• **Aim of the task**
In the entries below, find the line with "case (Cons x \<gamma>)" and the line with "(x # \<alpha>)"; give again those lines and every line between them, exactly.

Dataset excerpts: Begin

lemma clears_stack_if_balanced:
  assumes "\<forall>k \<le> length \<gamma>. sum_list (map pop_size (take k \<gamma>)) \<le> h + sum_list (map push_size (take k \<gamma>))"
    and "sum_list (map pop_size \<gamma>) = h + sum_list (map push_size \<gamma>)"
  shows "clears_stack h \<gamma>"
  using assms
proof (induction \<gamma> arbitrary: h)
  case Nil
  then show ?case by simp
next
  case (Cons x \<gamma>)
  have prefix: "sum_list (map pop_size (take k \<gamma>)) + pop_size x \<le> h + push_size x + sum_list (map push_size (take k \<gamma>))"
    if "k \<le> length \<gamma>" for k
    using Cons.prems(1) that by (fastforce dest: spec[of _ "Suc k"])
  show ?case
  proof (cases x)
    case (Push a)
    then show ?thesis using Cons prefix by simp
  next
    case (Pop b)
    have "b \<le> h" using Cons.prems(1) Pop by (auto dest: spec[of _ 1])
    then show ?thesis using Cons prefix Pop by (simp add: le_diff_conv2)
  qed
qed

lemma well_formed_clears_stack: "well_formed \<alpha> \<Longrightarrow> clears_stack 0 \<alpha>"
  by (rule clears_stack_if_balanced) (simp_all add: well_formed_def)

lemma clears_stack_has_pop: "clears_stack h \<gamma> \<Longrightarrow> 0 < h \<Longrightarrow> \<exists>x \<in> set \<gamma>. is_pop x"
  by (induction h \<gamma> rule: clears_stack.induct) auto

lemma is_pop_iff: "is_pop x \<longleftrightarrow> \<not> is_push x"
  by (cases x) simp_all

lemma reducedD:
  assumes "reduced (\<alpha> @ x # y # \<beta>)" "is_push x" "is_pop y"
  shows "x = Push 1 \<and> y = Pop 1"
  using assms unfolding reduced_def by (auto dest: spec[of _ "length \<alpha>"] simp: nth_append)

lemma reduced_Cons: "reduced (x # \<alpha>) \<Longrightarrow> reduced \<alpha>"
  unfolding reduced_def by (auto dest: spec[of _ "Suc _"])

lemma reduced_push_block:
  assumes "reduced (Push a # \<gamma>)" "\<exists>x \<in> set \<gamma>. is_pop x"
  obtains ps \<delta> where "Push a # \<gamma> = ps @ Push 1 # Pop 1 # \<delta>" "list_all is_push ps"
    "a \<le> seq_size ps + 1"
proof -
  define qs where "qs = Push a # takeWhile is_push \<gamma>"
  have "dropWhile is_push \<gamma> \<noteq> []"
    using assms(2) by (auto simp: dropWhile_eq_Nil_conv is_pop_iff)
  then obtain y \<delta> where rest: "dropWhile is_push \<gamma> = y # \<delta>"
    by (meson neq_Nil_conv)
  then have y: "is_pop y"
    using hd_dropWhile[of is_push \<gamma>] by (simp add: is_pop_iff)
  have qs_push: "list_all is_push qs"
    by (auto simp: qs_def list_all_iff dest: set_takeWhileD)
  have qs_snoc: "qs = butlast qs @ [last qs]"
    unfolding qs_def by (rule append_butlast_last_id[symmetric]) simp
  have "Push a # \<gamma> = qs @ y # \<delta>"
    using takeWhile_dropWhile_id[of is_push \<gamma>] rest by (simp add: qs_def)
  then have split: "Push a # \<gamma> = butlast qs @ last qs # y # \<delta>"
    using qs_snoc by (metis append.assoc append_Cons append_Nil)
  moreover have "is_push (last qs)"
    using qs_push by (simp add: qs_def list_all_iff)
  ultimately have "last qs = Push 1" "y = Pop 1"
    using reducedD assms(1) y by metis+
  moreover have "list_all is_push (butlast qs)"
    using qs_push by (simp add: list_all_iff in_set_butlastD)
  moreover have "a \<le> seq_size (butlast qs) + 1"
  proof -
    have "a \<le> seq_size qs"
      by (simp add: qs_def)
    also have "\<dots> = seq_size (butlast qs) + 1"
      using qs_snoc \<open>last qs = Push 1\<close> by (metis seq_size_simps push_size.simps(1) add.right_neutral)
    finally show ?thesis .
  qed
  ultimately show thesis
    using split by (intro that[of "butlast qs" \<delta>]) simp_all
qed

Dataset excerpts: End

• **Solution to this task**
  case (Cons x \<gamma>)
  have prefix: "sum_list (map pop_size (take k \<gamma>)) + pop_size x \<le> h + push_size x + sum_list (map push_size (take k \<gamma>))"
    if "k \<le> length \<gamma>" for k
    using Cons.prems(1) that by (fastforce dest: spec[of _ "Suc k"])
  show ?case
  proof (cases x)
    case (Push a)
    then show ?thesis using Cons prefix by simp
  next
    case (Pop b)
    have "b \<le> h" using Cons.prems(1) Pop by (auto dest: spec[of _ 1])
    then show ?thesis using Cons prefix Pop by (simp add: le_diff_conv2)
  qed
qed

lemma well_formed_clears_stack: "well_formed \<alpha> \<Longrightarrow> clears_stack 0 \<alpha>"
  by (rule clears_stack_if_balanced) (simp_all add: well_formed_def)

lemma clears_stack_has_pop: "clears_stack h \<gamma> \<Longrightarrow> 0 < h \<Longrightarrow> \<exists>x \<in> set \<gamma>. is_pop x"
  by (induction h \<gamma> rule: clears_stack.induct) auto

lemma is_pop_iff: "is_pop x \<longleftrightarrow> \<not> is_push x"
  by (cases x) simp_all

lemma reducedD:
  assumes "reduced (\<alpha> @ x # y # \<beta>)" "is_push x" "is_pop y"
  shows "x = Push 1 \<and> y = Pop 1"
  using assms unfolding reduced_def by (auto dest: spec[of _ "length \<alpha>"] simp: nth_append)

lemma reduced_Cons: "reduced (x # \<alpha>) \<Longrightarrow> reduced \<alpha>"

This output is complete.